Collis Blake was a hero to the many farmers he helped through economic reforms of the 1980s.
He led protests against farm mortgage sales forced by lenders’ unfair skyscraper-like interest rates. He negotiated with the banks so farmers had a future.
Phil Taylor was working at Flock House when he met Collis through a farm discussion group. Collis was a successful beef farmer who took Phil under his wing and showed him how to buy cattle in the saleyards. Later Phil would take students to Collis and his wife Helen’s farm for farming education. They became lifelong friends.
When the reforms started to bite, Phil knew of a farming family hit by 25% interest rates who couldn’t pay it. When the bank added in the penalty rates it rose to 36%. Phil took the farmer to meet Collis. He remembers Collis saying:
“I wonder what gives any sector of society the right to destroy another sector, by charging 36% interest?”
The farm was put up for auction, but Collis was at the door stopping everyone, asking them to support the young family by not bidding. Nobody made a bid.
Phil says the next mortgagee sale had a lot of media coverage. With help from a disbarred lawyer they had worked out a way of delaying mortgagee sales. They would request mortgage documents from the mortgagor which by law had to be delivered in person. So the farmer would go into hiding. If the papers weren’t delivered in person within three months the mortgagee would again request the documents and the process started again.

Phil says Federated Farmers then started to realise it had better stop playing politics and be seen to help. National restructuring teams were put in place, a big help towards the end of the crisis.

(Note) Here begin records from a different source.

lemma step_settles_at_roots:
  assumes v: "v \<in> V" "depth v = 0" and t: "K \<le> t" and x: "x \<in> confs V {lo..hi}"
  shows "(step ^^ t) x v = target v"
proof -
  let ?I = "scc_of V G v"
  have "restrict ((step ^^ t) x) ?I = (F ?I ^^ t) (restrict x ?I)"
    using restrict_funpow[OF step_fun_over restrict_step_root[OF v] x] .
  also have "\<dots> = C ?I"
    using components[OF root_component(1)[OF v]] t restrict_in_confs[OF scc_of_subset x] by blast
  finally have "restrict ((step ^^ t) x) ?I v = C ?I v"
    by simp
  with v show ?thesis
    by (simp add: scc_of_self target_root)
qed

lemma step_nilpotent: "nilpotent V {lo..hi} step"
proof -
  have parent_step: "parent v \<in> V \<and> depth v = Suc (depth (parent v))" if "v \<in> V" "depth v \<noteq> 0" for v
    using parent_in_V[OF that] parent[OF that] by blast
  have settles: "(step ^^ t) x v = target v" if "v \<in> V" "K + depth v \<le> t" "x \<in> confs V {lo..hi}" for v t x
    using funpow_settles_by_depth[OF step_fun_over step_settles_at_roots parent_step step_settles that] .
  have "(step ^^ (K + Max (depth ` V))) x = restrict target V" if x: "x \<in> confs V {lo..hi}" for x
  proof (rule confs_ext)
    show "(step ^^ (K + Max (depth ` V))) x \<in> confs V {lo..hi}"
      by (rule funpow_in_confs[OF step_fun_over x])
    show "restrict target V \<in> confs V {lo..hi}"
      using target_in_interval unfolding confs_def by simp
    fix v assume "v \<in> V"
    moreover have "depth v \<le> Max (depth ` V)"
      using finite_V \<open>v \<in> V\<close> by simp
    ultimately show "(step ^^ (K + Max (depth ` V))) x v = restrict target V v"
      using settles[OF _ _ x] by simp
  qed
  then show ?thesis
    unfolding nilpotent_def by blast
qed

end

Collis knew the banks didn’t like negative publicity so just the threat of it became an important weapon.
To stop a mortgagee sale in Palmerston North, Collis went on the radio, calling for farmers to come on tractors combines and in trucks to block the highways.

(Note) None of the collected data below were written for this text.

lemma nn_integral_set_less_top_if_bounded:
  fixes f :: "'b \<Rightarrow> real"
  assumes "A \<in> sets M" "emeasure M A < \<infinity>" and "AE x in M. x \<in> A \<longrightarrow> f x \<le> B"
  shows "(\<integral>\<^sup>+x\<in>A. ennreal (f x) \<partial>M) < \<infinity>"
proof -
  have "(\<integral>\<^sup>+x\<in>A. ennreal (f x) \<partial>M) \<le> (\<integral>\<^sup>+x. ennreal (max 0 B) * indicator A x \<partial>M)"
    using assms(3) by (intro nn_integral_mono_AE)
      (auto elim!: eventually_mono intro: ennreal_leI split: split_indicator)
  also have "\<dots> = ennreal (max 0 B) * emeasure M A"
    using assms(1) by (rule nn_integral_cmult_indicator)
  also have "\<dots> < \<infinity>"
    using assms(2) by (simp add: ennreal_mult_less_top)
  finally show ?thesis .
qed

lemma integrable_indicator_if_square_finite:
  fixes g :: "real \<Rightarrow> real"
  assumes [measurable]: "g \<in> borel_measurable lborel" "A \<in> sets lborel"
    and "emeasure lborel A < \<infinity>"
    and "(\<integral>\<^sup>+\<tau>. ennreal ((g \<tau>)\<^sup>2) * indicator A \<tau> \<partial>lborel) < \<infinity>"
  shows "integrable lborel (\<lambda>\<tau>. indicator A \<tau> * g \<tau>)"
proof (rule integrableI_bounded)
  have "(\<integral>\<^sup>+\<tau>. ennreal (norm (indicator A \<tau> * g \<tau>)) \<partial>lborel)
      \<le> (\<integral>\<^sup>+\<tau>. indicator A \<tau> + ennreal ((g \<tau>)\<^sup>2) * indicator A \<tau> \<partial>lborel)"
  proof (rule nn_integral_mono)
    fix \<tau>
    have "ennreal \<bar>g \<tau>\<bar> \<le> 1 + ennreal ((g \<tau>)\<^sup>2)"
      using abs_le_one_plus_power2[of "g \<tau>"]
      by (metis ennreal_leI ennreal_plus ennreal_1 zero_le_one zero_le_power2)
    then show "ennreal (norm (indicator A \<tau> * g \<tau>)) \<le> indicator A \<tau> + ennreal ((g \<tau>)\<^sup>2) * indicator A \<tau>"
      by (auto split: split_indicator)
  qed
  also have "\<dots> = emeasure lborel A + (\<integral>\<^sup>+\<tau>. ennreal ((g \<tau>)\<^sup>2) * indicator A \<tau> \<partial>lborel)"
    by (subst nn_integral_add) (use assms(2) in auto)
  also have "\<dots> < \<infinity>"
    using assms(3,4) by simp
  finally show "(\<integral>\<^sup>+\<tau>. ennreal (norm (indicator A \<tau> * g \<tau>)) \<partial>lborel) < \<infinity>" .
qed measurable

lemma integral_lower_triangle_eq_half_square:
  fixes f :: "real \<Rightarrow> real"
  assumes f_int: "integrable lborel f"
  defines "Lo \<equiv> \<lambda>z::real \<times> real. if snd z < fst z then f (fst z) * f (snd z) else 0"
  shows "integrable (lborel \<Otimes>\<^sub>M lborel) Lo"
    and "integral\<^sup>L (lborel \<Otimes>\<^sub>M lborel) Lo = (\<integral>x. f x \<partial>lborel)\<^sup>2 / 2"
proof -
  have [measurable]: "f \<in> borel_measurable lborel"
    using f_int by (rule borel_measurable_integrable)
  define P where "P z = f (fst z) * f (snd z)" for z :: "real \<times> real"
  define Up where "Up z = (if fst z < snd z then P z else 0)" for z :: "real \<times> real"
  have P_meas [measurable]: "P \<in> borel_measurable (lborel \<Otimes>\<^sub>M lborel)"
    unfolding P_def by measurable
  have [measurable]: "Lo \<in> borel_measurable (lborel \<Otimes>\<^sub>M lborel)"
    unfolding Lo_def by measurable
  have [measurable]: "Up \<in> borel_measurable (lborel \<Otimes>\<^sub>M lborel)"
    unfolding Up_def by measurable
  have P_int: "integrable (lborel \<Otimes>\<^sub>M lborel) P"
  proof (rule lborel_pair.Fubini_integrable[OF P_meas])
    have "(\<lambda>x. \<integral>y. norm (P (x, y)) \<partial>lborel) = (\<lambda>x. \<bar>f x\<bar> * (\<integral>y. \<bar>f y\<bar> \<partial>lborel))"
      by (simp add: P_def abs_mult)
    then show "integrable lborel (\<lambda>x. \<integral>y. norm (P (x, y)) \<partial>lborel)"
      using f_int by simp
    show "AE x in lborel. integrable lborel (\<lambda>y. P (x, y))"
      using f_int by (simp add: P_def)
  qed
  show Lo_int: "integrable (lborel \<Otimes>\<^sub>M lborel) Lo"
    by (rule Bochner_Integration.integrable_bound[OF P_int]) (auto simp: Lo_def P_def)
  have Up_int: "integrable (lborel \<Otimes>\<^sub>M lborel) Up"
    by (rule Bochner_Integration.integrable_bound[OF P_int]) (auto simp: Up_def)
  (* The plane is the union of a null diagonal and two half-planes exchanged by the symmetry
     (x,y) -> (y,x), which preserves P. *)
  have "AE z in lborel \<Otimes>\<^sub>M lborel. P z = Lo z + Up z"
  proof (rule lborel_pair.AE_pair_measure)
    show "AE x in lborel. AE y in lborel. P (x, y) = Lo (x, y) + Up (x, y)"
      by (intro AE_I2 eventually_mono[OF AE_lborel_singleton]) (auto simp: Lo_def Up_def P_def)
  qed measurable
  then have "integral\<^sup>L (lborel \<Otimes>\<^sub>M lborel) P
      = integral\<^sup>L (lborel \<Otimes>\<^sub>M lborel) Lo + integral\<^sup>L (lborel \<Otimes>\<^sub>M lborel) Up"
    using Lo_int Up_int by (subst integral_cong_AE[where g="\<lambda>z. Lo z + Up z"]) auto
  moreover have "integral\<^sup>L (lborel \<Otimes>\<^sub>M lborel) Up = integral\<^sup>L (lborel \<Otimes>\<^sub>M lborel) Lo"
  proof -
    have "integral\<^sup>L (lborel \<Otimes>\<^sub>M lborel) Lo = (\<integral>(x, y). Lo (y, x) \<partial>(lborel \<Otimes>\<^sub>M lborel))"
      using lborel_pair.integral_product_swap[of Lo] by simp
    also have "\<dots> = integral\<^sup>L (lborel \<Otimes>\<^sub>M lborel) Up"
      by (rule Bochner_Integration.integral_cong) (auto simp: Lo_def Up_def P_def mult.commute)
    finally show ?thesis by simp
  qed
  moreover have "integral\<^sup>L (lborel \<Otimes>\<^sub>M lborel) P = (\<integral>x. f x \<partial>lborel)\<^sup>2"
    using lborel_pair.integral_fst'[OF P_int] by (simp add: P_def power2_eq_square)
  ultimately show "integral\<^sup>L (lborel \<Otimes>\<^sub>M lborel) Lo = (\<integral>x. f x \<partial>lborel)\<^sup>2 / 2"
    by simp
qed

Phil says they did and the sale was stopped.
“It was very heady stuff.”
Hundreds of farmers in trouble started to seek Collis’ help.
Undeterred, he set off and with bank after bank he battled for the farmer.
He told Phil the only time he saw Helen was when he dropped off his dirty shirts and picked up a clean set.
Eventually the problem became too big and the New Zealand Provincial Support Group was formed. Using Collis’ knowledge and guidance it took over restructuring farmer debt from Kaitaia to Bluff.
Phil says Federated Farmers then started to realise it had better stop playing politics and be seen to help. National restructuring teams were put in place, a big help towards the end of the crisis.
Collis and Phil were one day invited to the BNZ in Wellington. They were shown into a penthouse overlooking the city where a banquet was laid out on the table.
Collis said to him: “Phil, it looks like they are going to feed us before they shoot us.”
However, the lunch was a little thank you from the BNZ for everything Collis had done.
If the banks had sold all the farms they intended to, the value of the farms would have crashed and with them the banks’ mortgages and securities.
The BNZ said it would have been bankrupted.
Collis said to Phil afterwards: “Do you realise that in all this time, we have actually been working for the banks, and what’s more, we’ve saved the bastards”.